* **Records for the exercise**:

(* Consider any correlated multi-secret sharing scheme $p_{M_{12}M_{23}M_{31}|XYZ}$ for a joint distribution $p_{XYZ}$ with full support on $\mathcal X\times\mathcal Y\times\mathcal Z$. Then (1) $H(M_{12})\ge\max\{\sup_{p_{X'Y'Z'}}(RI(X';Z')+H(X',Y'|Z')),\ \sup_{p_{X'Y'Z'}}(RI(Y';Z')+H(X',Y'|Z'))\}$, where the suprema are over distributions $p_{X'Y'Z'}$ for which the characteristic bipartite graph of $p_{X'Y'}$ is connected; (2) $H(M_{23})\ge\max\{\sup_{p_{X'Y'Z'}}(RI(X';Z')+H(Y',Z'|X')),\ \sup_{p_{X'Y'Z'}}(RI(X';Y')+H(Y',Z'|X'))\}$, where the suprema are over distributions $p_{X'Y'Z'}$ for which the characteristic bipartite graph of $p_{Y'Z'}$ is connected; (3) $H(M_{31})\ge\max\{\sup_{p_{X'Y'Z'}}(RI(Y';Z')+H(X',Z'|Y')),\ \sup_{p_{X'Y'Z'}}(RI(X';Y')+H(X',Z'|Y'))\}$, where the suprema are over distributions $p_{X'Y'Z'}$ for which the characteristic bipartite graph of $p_{X'Z'}$ is connected. The left-hand sides are computed under $p_{XYZ}$ and the scheme; the right-hand sides are computed under $p_{X'Y'Z'}$.
   Context: A correlated multi-secret sharing (CMSS) scheme for a joint distribution $p_{XYZ}$ on finite sets is a conditional distribution $p_{M_{12}M_{23}M_{31}|XYZ}$ mapping secrets $(X,Y,Z)\sim p_{XYZ}$ probabilistically to shares $(M_{12},M_{23},M_{31})$ such that (correctness) $H(X|M_{12},M_{31})=H(Y|M_{12},M_{23})=H(Z|M_{23},M_{31})=0$ and (privacy) $I((M_{12},M_{31});(Y,Z)|X)=0$, $I((M_{12},M_{23});(X,Z)|Y)=0$, $I((M_{23},M_{31});(X,Y)|Z)=0$. The characteristic bipartite graph of a distribution $p_{UV}$ on $\mathcal U\times\mathcal V$ has vertex set $\mathcal U\cup\mathcal V$ with $u,v$ adjacent iff $p_{UV}(u,v)>0$. Residual information: $RI(U;V)=I(U;V)-H(U\sqcap V)$, where $U\sqcap V$ has maximum entropy among random variables of the form $f(U)=g(V)$ for deterministic $f,g$. *)

theory Defs
  imports Complex_Main
begin
lemma wedge_v_L: "x \<in> L \<Longrightarrow> wedge v x = 0"
proof -
  interpret wedge: Vector_Spaces.linear fscale fscale "wedge v" by (rule linear_wedge_right)
  assume "x \<in> L"
  then have "wedge v x = (\<Sum>B\<in>link_sets. fscale (contract c x B) (wedge v (lift B)))"
    by (subst lift_expansion) (simp_all add: wedge.sum wedge.scale)
  then show ?thesis using wedge_v_lift by (simp add: fvs.scale_zero_right)
qed

lemma v_extpow: "v \<in> extpow n 1"
  unfolding extpow_def
proof (intro CollectI allI impI)
  fix S assume nz: "v S \<noteq> 0"
  then obtain s where s: "S = {s}" using v_nonzero_imp_singleton by blast
  then have "s < n" using nz c by (auto simp: v_coeff_def split: if_splits)
  then show "S \<subseteq> {..<n} \<and> card S = 1" using s by simp
qed

lemma v_neq_0: "v \<noteq> 0"
proof
  assume "v = 0"
  then have "v {c} = 0" by simp
  then show False by (simp add: v_coeff_def)
qed

theorem exists_annihilating_vector: "\<exists>v\<in>extpow n 1. v \<noteq> 0 \<and> (\<forall>x\<in>L. wedge v x = 0)"
  using v_extpow v_neq_0 wedge_v_L by blast

end

theorem corollary1p6:
  fixes L :: "(nat set \<Rightarrow> 'a::field) set" and n k :: nat
  assumes char_not_2: "(2::'a) \<noteq> 0"
    and k_lt: "2 * k < n"
    and L_sub: "L \<subseteq> extpow n k"
    and L_subspace: "fvs.subspace L"
    and isotropic: "\<forall>x\<in>L. \<forall>y\<in>L. wedge x y = 0"
    and dimL: "fvs.dim L = (n - 1) choose (k - 1)"
  shows "\<exists>v \<in> extpow n 1. v \<noteq> 0 \<and> (\<forall>x\<in>L. wedge v x = 0)"
proof -
  have sub: "lead_sets L \<subseteq> k_subsets {..<n} k" using L_sub by (rule lead_sets_k_subsets)
  have I: "intersecting (lead_sets L)" using L_sub isotropic by (rule intersecting_lead_sets)
  have card: "card (lead_sets L) = (n - 1) choose (k - 1)"
    using card_lead_sets[OF L_sub L_subspace] dimL by simp
  have "k \<noteq> 0"
  proof
    assume "k = 0"
    then have "lead_sets L \<subseteq> {{}}" using sub by (auto simp: k_subsets_def finite_subset)
    then have "lead_sets L = {}" using intersecting_empty_notin[OF I] by blast
    then show False using card \<open>k = 0\<close> by simp
  qed
  then obtain c where c: "\<forall>A\<in>lead_sets L. c \<in> A"
    using ekr_extremal_star[OF sub I _ k_lt card] by auto
  have "lead_sets L \<noteq> {}" using card k_lt by auto
  then have "c < n" using c sub by (auto simp: k_subsets_def)
  then have "lead_sets L = {A \<in> k_subsets {..<n} k. c \<in> A}"
    using sub c card \<open>k \<noteq> 0\<close> by (intro star_eqI) auto
  then interpret lead_star L n k c
    using L_sub L_subspace isotropic k_lt \<open>k \<noteq> 0\<close> \<open>c < n\<close> by unfold_locales auto
  show ?thesis by (rule exists_annihilating_vector)
qed

end
section \<open>Minkowski quotients of the cylinder\<close>

lemma slab_subset_msum_cyl:
  fixes D :: "(real^2) set" and Q :: "(real^3) set" and h :: "real^2 \<Rightarrow> real"
  assumes eps: "\<epsilon> > 0" and r: "r > 0" and K: "K \<ge> 0"
    and h: "linear h" "\<And>w. \<bar>h w\<bar> \<le> K * norm w"
    and graph: "\<And>w. norm w \<le> \<epsilon> \<Longrightarrow> join3 (w, h w) \<in> Q"
  shows "{x. horiz x \<in> msum D (dilate (\<epsilon> * r) (cball 0 1)) - D
              \<and> K * (\<epsilon> * r) \<le> x$3 \<and> x$3 \<le> 1 - K * (\<epsilon> * r)}
         \<subseteq> msum (cyl D) (dilate r Q) - cyl D"
proof
  fix x :: "real^3"
  assume "x \<in> {x. horiz x \<in> msum D (dilate (\<epsilon> * r) (cball 0 1)) - D
              \<and> K * (\<epsilon> * r) \<le> x$3 \<and> x$3 \<le> 1 - K * (\<epsilon> * r)}"
  then obtain d u where d: "d \<in> D" and u: "norm u \<le> 1" and hx: "horiz x = d + (\<epsilon> * r) *\<^sub>R u"
    and nD: "horiz x \<notin> D" and x3: "K * (\<epsilon> * r) \<le> x$3" "x$3 \<le> 1 - K * (\<epsilon> * r)"
    by (auto simp: msum_def dilate_def)
  define w where "w = \<epsilon> *\<^sub>R u"
  have q: "join3 (w, h w) \<in> Q"
    using graph u eps by (simp add: w_def mult_left_le)
  have "\<bar>h (r *\<^sub>R w)\<bar> \<le> K * (\<epsilon> * r)"
    using h(2)[of "r *\<^sub>R w"] u eps r K mult_left_le[of "norm u" "K * (\<epsilon> * r)"]
    by (simp add: w_def mult_ac)
  then have hw: "\<bar>r * h w\<bar> \<le> K * (\<epsilon> * r)"
    by (simp add: linear_scale[OF h(1)])
  \<comment> \<open>Move \<open>x\<close> back along the tilted disc: the horizontal part lands on \<open>d \<in> D\<close>, and the
    vertical shift \<open>r * h w\<close> is absorbed by the margin \<open>K * (\<epsilon> * r)\<close> in the height of \<open>x\<close>.\<close>
  define c where "c = x - r *\<^sub>R join3 (w, h w)"
  have "horiz c = d"
    using hx by (simp add: c_def w_def vec2_eq_iff vec_eq_iff[of "horiz x"])
  moreover have "0 \<le> c$3" "c$3 \<le> 1"
    using hw x3 by (auto simp: c_def)
  ultimately have "c \<in> cyl D" using d by (simp add: cyl_eq)
  then have "x \<in> msum (cyl D) (dilate r Q)"
    using q unfolding msum_def dilate_def c_def by force
  moreover have "x \<notin> cyl D" using nD by (simp add: cyl_eq)
  ultimately show "x \<in> msum (cyl D) (dilate r Q) - cyl D" by blast
qed

lemma mink_quot_cyl_lower_bound:
  fixes D :: "(real^2) set" and Q :: "(real^3) set" and h :: "real^2 \<Rightarrow> real"
  assumes D: "compact D" and Q: "compact Q" and eps: "\<epsilon> > 0" and K: "K \<ge> 0"
    and h: "linear h" "\<And>w. \<bar>h w\<bar> \<le> K * norm w"
    and graph: "\<And>w. norm w \<le> \<epsilon> \<Longrightarrow> join3 (w, h w) \<in> Q"
    and r: "r > 0" "4 * K * (\<epsilon> * r) \<le> 1"
  shows "\<epsilon> / 2 * mink_quot (cball 0 1) D (\<epsilon> * r) \<le> mink_quot Q (cyl D) r"
proof -
  define \<rho> where "\<rho> = \<epsilon> * r"
  have \<rho>: "\<rho> > 0" using eps r by (simp add: \<rho>_def)
  define S where "S = msum D (dilate \<rho> (cball 0 1)) - D"
  have S: "S \<in> sets borel" "bounded S"
    unfolding S_def using compact_msum_dilate[OF D compact_cball, of \<rho> 0 1] D
    by (auto intro: sets.Diff borel_compact bounded_diff compact_imp_bounded)
  define Y where "Y = {x. horiz x \<in> S \<and> K * \<rho> \<le> x$3 \<and> x$3 \<le> 1 - K * \<rho>}"
  define X where "X = msum (cyl D) (dilate r Q) - cyl D"
  have "Y \<subseteq> X"
    unfolding Y_def X_def S_def \<rho>_def using slab_subset_msum_cyl[OF eps r(1) K h graph] by simp
  moreover have "Y \<in> sets lebesgue"
    unfolding Y_def using slab_borel[OF S(1)] by (auto intro: sets_completionI_sets)
  moreover have "X \<in> lmeasurable"
    unfolding X_def by (intro lmeasurable_msum_dilate_diff compact_cyl D Q)
  ultimately have "measure lebesgue Y \<le> measure lebesgue X"
    by (rule measure_mono_fmeasurable)
  moreover have "measure lebesgue Y = measure lebesgue S * (1 - 2 * K * \<rho>)"
    unfolding Y_def using measure_slab[OF S, of "K * \<rho>" "1 - K * \<rho>"] r K
    by (simp add: \<rho>_def algebra_simps)
  moreover have "measure lebesgue S * (1 / 2) \<le> measure lebesgue S * (1 - 2 * K * \<rho>)"
    using r by (intro mult_left_mono) (auto simp: \<rho>_def)
  ultimately have "measure lebesgue S / 2 / r \<le> measure lebesgue X / r"
    using r by (intro divide_right_mono) auto
  then show ?thesis
    using eps r by (simp add: mink_quot_def S_def X_def \<rho>_def field_simps)
qed
definition load1 :: "nat \<Rightarrow> (nat \<Rightarrow> nat \<Rightarrow> nat \<Rightarrow> 'a \<Rightarrow> bool) \<Rightarrow> nat \<Rightarrow> nat \<Rightarrow> 'a \<Rightarrow> nat" where
  "load1 N acc i s \<omega> = card {n'\<in>{1..N}. acc n' i s \<omega>}"

definition acc_steps :: "(nat \<Rightarrow> nat \<Rightarrow> nat \<Rightarrow> 'a \<Rightarrow> bool) \<Rightarrow> nat \<Rightarrow> nat \<Rightarrow> 'a \<Rightarrow> (nat \<times> nat) set" where
  "acc_steps acc n j \<omega> = (SIGMA i:{1..j}. {s\<in>{1..i}. acc n i s \<omega>})"

definition r_bar :: "nat \<Rightarrow> nat \<Rightarrow> (nat \<Rightarrow> nat \<Rightarrow> real) \<Rightarrow> (nat \<Rightarrow> nat \<Rightarrow> nat \<Rightarrow> nat \<Rightarrow> 'a \<Rightarrow> real)
                     \<Rightarrow> (nat \<Rightarrow> nat \<Rightarrow> nat \<Rightarrow> 'a \<Rightarrow> bool) \<Rightarrow> nat \<Rightarrow> nat \<Rightarrow> 'a \<Rightarrow> real" where
  "r_bar N M U nu acc n j \<omega> =
     (\<Sum>(i,s)\<in>acc_steps acc n j \<omega>. U n 1 / real (load1 N acc i s \<omega>) + nu n i (Suc M) s \<omega>)
       / real (card (acc_steps acc n j \<omega>))"

definition N_arg :: "nat \<Rightarrow> nat \<Rightarrow> (nat \<Rightarrow> nat \<Rightarrow> real) \<Rightarrow> (nat \<Rightarrow> nat \<Rightarrow> nat \<Rightarrow> nat \<Rightarrow> 'a \<Rightarrow> real)
                     \<Rightarrow> (nat \<Rightarrow> nat \<Rightarrow> nat \<Rightarrow> 'a \<Rightarrow> bool) \<Rightarrow> nat \<Rightarrow> nat \<Rightarrow> 'a \<Rightarrow> real" where
  "N_arg N M U nu acc n j \<omega> = 1 - r_bar N M U nu acc n j \<omega> / (2 * U_hat N U nu n 1 j \<omega>)"

definition N_est :: "nat \<Rightarrow> nat \<Rightarrow> (nat \<Rightarrow> nat \<Rightarrow> real) \<Rightarrow> (nat \<Rightarrow> nat \<Rightarrow> nat \<Rightarrow> nat \<Rightarrow> 'a \<Rightarrow> real)
                     \<Rightarrow> (nat \<Rightarrow> nat \<Rightarrow> nat \<Rightarrow> 'a \<Rightarrow> bool) \<Rightarrow> nat \<Rightarrow> nat \<Rightarrow> 'a \<Rightarrow> real" where
  "N_est N M U nu acc n j \<omega> = ln (N_arg N M U nu acc n j \<omega>) / ln (1/2)"

definition est_correct :: "nat \<Rightarrow> nat \<Rightarrow> (nat \<Rightarrow> nat \<Rightarrow> real) \<Rightarrow> (nat \<Rightarrow> nat \<Rightarrow> nat \<Rightarrow> nat \<Rightarrow> 'a \<Rightarrow> real)
                     \<Rightarrow> (nat \<Rightarrow> nat \<Rightarrow> nat \<Rightarrow> 'a \<Rightarrow> bool) \<Rightarrow> nat \<Rightarrow> nat \<Rightarrow> 'a \<Rightarrow> bool" where
  "est_correct N M U nu acc n j \<omega> \<longleftrightarrow>
     0 < N_arg N M U nu acc n j \<omega> \<and> \<bar>N_est N M U nu acc n j \<omega> - real N\<bar> < 1/2"

end

theory Submission
  imports Defs "HOL-Real_Asymp.Real_Asymp"
begin

text \<open>After j epochs every block of the Estimation phase has been played
  T = j(j+1)/2 times, and the unrounded estimate of N is a continuous function of four empirical
  averages over these steps: the noise in block 1, the noise in block M+1 masked by the agent's
  accesses, the agent's share (access indicator divided by the load of resource 1), and its
  access frequency. At their means (0, 0, (1 - 2^(-N))/N, 1/2) the argument of the logarithm is
  exactly 2^(-N), so the estimate is N, and it stays within 1/2 of N as long as all four averages
  are within some fixed distance of their means. The steps are independent, and each of the four
  families is either sub-Gaussian (Chernoff bound) or [0,1]-valued (Hoeffding bound), so such a
  deviation has probability exp(-Omega(T)) = exp(-Omega(j^2)). A union bound over the N agents
  gives O(exp(-j^1.4)).\<close>

section \<open>Concentration of averages\<close>

lemma subgaussian_mono:
  assumes "subgaussian M X b" and "b \<le> B"
  shows "subgaussian M X B"
  using assms unfolding subgaussian_def
  by (meson exp_le_cancel_iff divide_right_mono mult_left_mono order_trans zero_le_power2 zero_le_numeral)
(* Let $\lambda$ be a partition and $\alpha=(\alpha_1,\dots,\alpha_n)$ a weak composition. The map $\rho^{\uparrow}_N:=\rho_N\circ\mathrm{rot}^2$ is a bijection from $\mathrm{MLQ}_0(\lambda,\alpha)$ to $\mathrm{MLQ}_0(\lambda,\mathrm{rev}(\alpha))$, where $\mathrm{rev}(\alpha)=(\alpha_n,\dots,\alpha_1)$.
   Context: For a partition $\lambda$ with $L=\lambda_1$ ($\lambda'$ the conjugate), a multiline queue of shape $\lambda$ on $n$ columns is a tuple $M=(B_1,\dots,B_L)$ of subsets of $[n]$ with $|B_j|=\lambda'_j$, drawn as an $L\times n$ grid, rows $1..L$ bottom to top, columns $1..n$ left to right, ball in $(r,j)$ iff $j\in B_r$. $\mathrm{MLQ}_0(\lambda,\alpha)$ is the set of such $M$ that are nonwrapping (see below) and have exactly $\alpha_j$ balls in column $j$ for each $j$. $\mathrm{rot}^2$ rotates the grid by $180^\circ$: the ball in cell $(r,c)$ goes to cell $(L+1-r,n+1-c)$. Tuples with empty top rows are identified with the tuple obtained by deleting them. $\mathrm{cw}(B)$ scans columns left to right, each top to bottom, recording row numbers. Nonwrapping: for $r=L,\dots,2$, unlabelled balls of row $r$ get label $r$; balls of row $r$ in decreasing label order (left to right among ties) are each paired with the first unlabelled ball of row $r-1$ weakly to the right cyclically modulo $n$, which gets the same label; a pairing wraps if the lower ball is strictly left of the upper one. $\operatorname{maj}(M)=\sum(\ell(p)-r(p)+1)$ over wrapping pairings ($r(p)$ upper row, $\ell(p)$ label); nonwrapping means $\operatorname{maj}(M)=0$. Collapsing of any tuple $B=(B_1,\dots,B_L)$ of subsets of $[n]$: $\mathrm{Par}_i(w)$ writes "(" for each letter $i+1$ and ")" for each letter $i$ of $w$ and iteratively matches a "(" with a ")" to its right when adjacent or separated only by matched parentheses; $e_i^\star(B)$ moves every ball of row $i+1$ whose letter in $\mathrm{cw}(B)$ is unmatched in $\mathrm{Par}_i(\mathrm{cw}(B))$ down to row $i$ in the same column; $e^\star_{[a,b]}=e^\star_ae^\star_{a+1}\cdots e^\star_b$ (acting right to left); $\rho_N(B)=e^\star_{[1,L-1]}\cdots e^\star_{[1,1]}(B)$. *)

theory Defs
  imports Main "HOL-Library.Product_Lexorder"
begin

text \<open>A partition is a weakly decreasing list of positive naturals.
  A tuple B = (B_1,...,B_L) of subsets of [n] is a list of sets; row r
  (1-based, bottom to top) is B ! (r-1).\<close>

definition is_partition :: "nat list \<Rightarrow> bool" where
  "is_partition lam \<longleftrightarrow> sorted_wrt (\<ge>) lam \<and> 0 \<notin> set lam"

* **What the task requires**: Among the records above, only the lines between the line holding "section \<open>Minkowski quotients" and the line holding "(r *\<^sub>R w)\<bar>", inclusive, are to be output, exactly as written.

* **Solution to this exercise**:
section \<open>Minkowski quotients of the cylinder\<close>

lemma slab_subset_msum_cyl:
  fixes D :: "(real^2) set" and Q :: "(real^3) set" and h :: "real^2 \<Rightarrow> real"
  assumes eps: "\<epsilon> > 0" and r: "r > 0" and K: "K \<ge> 0"
    and h: "linear h" "\<And>w. \<bar>h w\<bar> \<le> K * norm w"
    and graph: "\<And>w. norm w \<le> \<epsilon> \<Longrightarrow> join3 (w, h w) \<in> Q"
  shows "{x. horiz x \<in> msum D (dilate (\<epsilon> * r) (cball 0 1)) - D
              \<and> K * (\<epsilon> * r) \<le> x$3 \<and> x$3 \<le> 1 - K * (\<epsilon> * r)}
         \<subseteq> msum (cyl D) (dilate r Q) - cyl D"
proof
  fix x :: "real^3"
  assume "x \<in> {x. horiz x \<in> msum D (dilate (\<epsilon> * r) (cball 0 1)) - D
              \<and> K * (\<epsilon> * r) \<le> x$3 \<and> x$3 \<le> 1 - K * (\<epsilon> * r)}"
  then obtain d u where d: "d \<in> D" and u: "norm u \<le> 1" and hx: "horiz x = d + (\<epsilon> * r) *\<^sub>R u"
    and nD: "horiz x \<notin> D" and x3: "K * (\<epsilon> * r) \<le> x$3" "x$3 \<le> 1 - K * (\<epsilon> * r)"
    by (auto simp: msum_def dilate_def)
  define w where "w = \<epsilon> *\<^sub>R u"
  have q: "join3 (w, h w) \<in> Q"
    using graph u eps by (simp add: w_def mult_left_le)
  have "\<bar>h (r *\<^sub>R w)\<bar> \<le> K * (\<epsilon> * r)"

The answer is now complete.